In 2007, for Class A Greensboro (SAL), Cousins hit .292 with 18 home runs, 74 RBIs, and 16 stolen bases.  He earned "MiLB.com Class A Best Single-Game Performer honors when he slugged three home runs and drove in a career-high nine RBIs on Aug. 22 against Hickory ... stroked a game-tying two-run homer, launched a grand slam, the first of his career, an inning later, and finished his day with a three-run drive in the eighth."

In 2008, as a member of the Mesa Solar Sox, Cousins led the Arizona Fall League in RBIs with 33 and hit .297 with 6 home runs. In 2009 for the Jacksonville Suns, Cousins batted .263 with 74 RBIs, 12 home runs, 27 stolen bases, and led all AA with 11 triples (also setting a Marlins' minor league record).
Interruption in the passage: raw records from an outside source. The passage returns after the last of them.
(* For a $d$-regular simple graph ($d\ge3$) quantised with equi-transmitting scattering matrices, every $g\in G_2$ satisfies $$\|Mg\|_{\mathbb{C}^{2B}}=\frac{\|g\|_{\mathbb{C}^{2B}}}{d-1}.$$
   Context: For directed bond $b$, $o(b),t(b)$ are origin and terminus, $\bar b$ its reversal. For equi-transmitting quantisation, $M$ is the $2B\times2B$ matrix with $M_{bc}=\frac1{d-1}$ if $t(b)=o(c)$ and $c\ne\bar b$, and $0$ otherwise. $e_v\in\mathbb{C}^{2B}$ has component $1$ on each directed bond with origin $v$, $0$ elsewhere; $G_1=\mathrm{span}\{e_v\}$ and $G_2=G_1^{\perp}$ (orthogonal complement in $\mathbb{C}^{2B}$). *)

theory Defs
  imports Complex_Main
begin

text \<open>Vectors in C^{2B} are functions on directed bonds
  (values outside the bond set are irrelevant).\<close>

definition simple_graph :: "'a set \<Rightarrow> ('a \<Rightarrow> 'a \<Rightarrow> bool) \<Rightarrow> bool" where
  "simple_graph V E \<longleftrightarrow> finite V \<and> (\<forall>u v. E u v \<longrightarrow> u \<in> V \<and> v \<in> V)
     \<and> (\<forall>u v. E u v \<longrightarrow> E v u) \<and> (\<forall>v. \<not> E v v)"

definition regular :: "'a set \<Rightarrow> ('a \<Rightarrow> 'a \<Rightarrow> bool) \<Rightarrow> nat \<Rightarrow> bool" where
  "regular V E d \<longleftrightarrow> (\<forall>v\<in>V. card {u\<in>V. E v u} = d)"

definition bonds :: "'a set \<Rightarrow> ('a \<Rightarrow> 'a \<Rightarrow> bool) \<Rightarrow> ('a \<times> 'a) set" where
  "bonds V E = {(u, v). u \<in> V \<and> v \<in> V \<and> E u v}"

definition orig :: "'a \<times> 'a \<Rightarrow> 'a" where "orig b = fst b"
definition termi :: "'a \<times> 'a \<Rightarrow> 'a" where "termi b = snd b"
definition rev_bond :: "'a \<times> 'a \<Rightarrow> 'a \<times> 'a" where "rev_bond b = (snd b, fst b)"

definition Mmat :: "nat \<Rightarrow> 'a \<times> 'a \<Rightarrow> 'a \<times> 'a \<Rightarrow> complex" where
  "Mmat d b c = (if termi b = orig c \<and> c \<noteq> rev_bond b then 1 / (of_nat d - 1) else 0)"

definition Mapply :: "'a set \<Rightarrow> ('a \<Rightarrow> 'a \<Rightarrow> bool) \<Rightarrow> nat \<Rightarrow> ('a \<times> 'a \<Rightarrow> complex) \<Rightarrow> ('a \<times> 'a \<Rightarrow> complex)" where
  "Mapply V E d g = (\<lambda>b. \<Sum>c\<in>bonds V E. Mmat d b c * g c)"

definition inner_bonds :: "'a set \<Rightarrow> ('a \<Rightarrow> 'a \<Rightarrow> bool) \<Rightarrow> ('a \<times> 'a \<Rightarrow> complex) \<Rightarrow> ('a \<times> 'a \<Rightarrow> complex) \<Rightarrow> complex" where
  "inner_bonds V E g h = (\<Sum>b\<in>bonds V E. g b * cnj (h b))"

definition norm_bonds :: "'a set \<Rightarrow> ('a \<Rightarrow> 'a \<Rightarrow> bool) \<Rightarrow> ('a \<times> 'a \<Rightarrow> complex) \<Rightarrow> real" where
  "norm_bonds V E g = sqrt (\<Sum>b\<in>bonds V E. (cmod (g b))\<^sup>2)"

definition e_vec :: "'a \<Rightarrow> 'a \<times> 'a \<Rightarrow> complex" where
  "e_vec v = (\<lambda>b. if orig b = v then 1 else 0)"

definition G1 :: "'a set \<Rightarrow> ('a \<times> 'a \<Rightarrow> complex) set" where
  "G1 V = {h. \<exists>c. h = (\<lambda>b. \<Sum>v\<in>V. c v * e_vec v b)}"

definition G2 :: "'a set \<Rightarrow> ('a \<Rightarrow> 'a \<Rightarrow> bool) \<Rightarrow> ('a \<times> 'a \<Rightarrow> complex) set" where
  "G2 V E = {g. \<forall>h\<in>G1 V. inner_bonds V E g h = 0}"

end

theory Submission
  imports Defs
begin

text \<open>For g orthogonal to every e_v the outgoing values of g sum to zero at each vertex, so the
  row of M at b picks up exactly the negative of the reversed value:
  Mg(b) = -g(rev b)/(d-1).  Reversal is a permutation of the bonds, hence Mg is a rescaled
  permutation of g.\<close>

lemma finite_bonds: "finite V \<Longrightarrow> finite (bonds V E)"
  by (rule finite_subset[of _ "V \<times> V"]) (auto simp: bonds_def)

lemma rev_bond_in_bonds:
  assumes "simple_graph V E" and "b \<in> bonds V E"
  shows "rev_bond b \<in> bonds V E"
  using assms by (auto simp: bonds_def rev_bond_def simple_graph_def)

lemma rev_bond_rev_bond [simp]: "rev_bond (rev_bond b) = b"
  by (simp add: rev_bond_def)

lemma bij_betw_rev_bond:
  assumes "simple_graph V E"
  shows "bij_betw rev_bond (bonds V E) (bonds V E)"
  by (rule bij_betw_byWitness[where f'=rev_bond]) (auto intro: rev_bond_in_bonds[OF assms])

lemma e_vec_in_G1:
  assumes "finite V" and "w \<in> V"
  shows "e_vec w \<in> G1 V"
proof -
  have "e_vec w = (\<lambda>b. \<Sum>v\<in>V. (if v = w then 1 else 0) * e_vec v b)"
    using assms by (simp add: if_distrib[where f="\<lambda>x. x * _"] sum.delta cong: if_cong)
  then show ?thesis unfolding G1_def by (intro CollectI exI)
qed

lemma G2_sum_outgoing_eq_0:
  assumes "finite V" and "w \<in> V" and "g \<in> G2 V E"
  shows "(\<Sum>c\<in>{c\<in>bonds V E. orig c = w}. g c) = 0"
proof -
  have "inner_bonds V E g (e_vec w) = 0"
    using assms e_vec_in_G1[OF assms(1,2)] by (simp add: G2_def)
  moreover have "inner_bonds V E g (e_vec w) = (\<Sum>c\<in>bonds V E. if orig c = w then g c else 0)"
    unfolding inner_bonds_def by (rule sum.cong) (auto simp: e_vec_def)
  ultimately show ?thesis
    using finite_bonds[OF assms(1)] by (simp add: sum.inter_filter)
qed

lemma Mapply_G2:
  assumes "simple_graph V E" and "g \<in> G2 V E" and b: "b \<in> bonds V E"
  shows "Mapply V E d g b = - g (rev_bond b) / (of_nat d - 1)"
proof -
  define k :: complex where "k = 1 / (of_nat d - 1)"
  have finV: "finite V" using assms(1) by (simp add: simple_graph_def)
  let ?S = "{c\<in>bonds V E. orig c = termi b}"
  have fin: "finite (bonds V E)" using finite_bonds[OF finV] .
  have "rev_bond b \<in> ?S"
    using rev_bond_in_bonds[OF assms(1) b] by (simp add: orig_def termi_def rev_bond_def)
  have "termi b \<in> V"
    using b by (auto simp: bonds_def termi_def)
  have "Mapply V E d g b = (\<Sum>c\<in>bonds V E. if c \<in> ?S - {rev_bond b} then k * g c else 0)"
    unfolding Mapply_def Mmat_def k_def by (rule sum.cong) auto
  also have "\<dots> = (\<Sum>c\<in>?S - {rev_bond b}. k * g c)"
    using fin by (simp add: sum.If_cases) (rule sum.cong, auto)
  also have "\<dots> = k * ((\<Sum>c\<in>?S. g c) - g (rev_bond b))"
    using fin \<open>rev_bond b \<in> ?S\<close> by (simp add: sum_distrib_left[symmetric] sum_diff1 right_diff_distrib)
  also have "\<dots> = - k * g (rev_bond b)"
    using G2_sum_outgoing_eq_0[OF finV \<open>termi b \<in> V\<close> assms(2)] by simp
  finally show ?thesis by (simp add: k_def)
qed

lemma norm_bonds_scale:
  "norm_bonds V E (\<lambda>b. c * g b) = cmod c * norm_bonds V E g"
  by (simp add: norm_bonds_def norm_mult power_mult_distrib sum_distrib_left[symmetric]
      real_sqrt_mult)

lemma norm_bonds_comp_rev_bond:
  assumes "simple_graph V E"
  shows "norm_bonds V E (g \<circ> rev_bond) = norm_bonds V E g"
  using sum.reindex_bij_betw[OF bij_betw_rev_bond[OF assms], of "\<lambda>b. (cmod (g b))\<^sup>2"]
  by (simp add: norm_bonds_def)

theorem lemma10:
  fixes V :: "'a set" and E :: "'a \<Rightarrow> 'a \<Rightarrow> bool" and d :: nat
    and g :: "'a \<times> 'a \<Rightarrow> complex"
  assumes "simple_graph V E" and "regular V E d" and "d \<ge> 3"
    and "g \<in> G2 V E"
  shows "norm_bonds V E (Mapply V E d g) = norm_bonds V E g / (real d - 1)"
proof -
  define k :: complex where "k = - 1 / (of_nat d - 1)"
  have "norm_bonds V E (Mapply V E d g) = norm_bonds V E (\<lambda>b. k * (g \<circ> rev_bond) b)"
    unfolding norm_bonds_def using Mapply_G2[OF assms(1,4)] by (simp add: k_def)
  also have "\<dots> = cmod k * norm_bonds V E g"
    by (simp only: norm_bonds_scale norm_bonds_comp_rev_bond[OF assms(1)])
  also have "cmod k = 1 / (real d - 1)"
  proof -
    have "(of_nat d - 1 :: complex) = of_real (real d - 1)" by simp
    then show ?thesis using assms(3) by (simp add: k_def norm_divide del: of_real_diff)
  qed
  finally show ?thesis by simp
qed

end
Cousins was added to the Marlins' 40 man roster following the 2009 season to protect him from the Rule 5 draft.

Cousins hit .285 with 14 home runs, 49 RBIs, and 12 stolen bases for the New Orleans Zephyrs in the Class AAA Pacific Coast League before being called up to the major leagues on September 2, 2010. Cousins recorded his first hit, a walk-off single, against the Atlanta Braves on September 5, 2010. Regarding Cousins' call up, USF head coach Nino Giarratano stated, "Academically, athletically and personally he is most deserving of the opportunity and a lifetime of opportunities in Major League Baseball."

On September 24 and 25, Scott Cousins became the first major leaguer since Willie McGee in 1982 to record back-to-back pinch hit triples when he hit three baggers against the Brewers at Miller Park. On April 21, 2011, Cousins hit his first career home run, a grand slam off James McDonald of the Pittsburgh Pirates.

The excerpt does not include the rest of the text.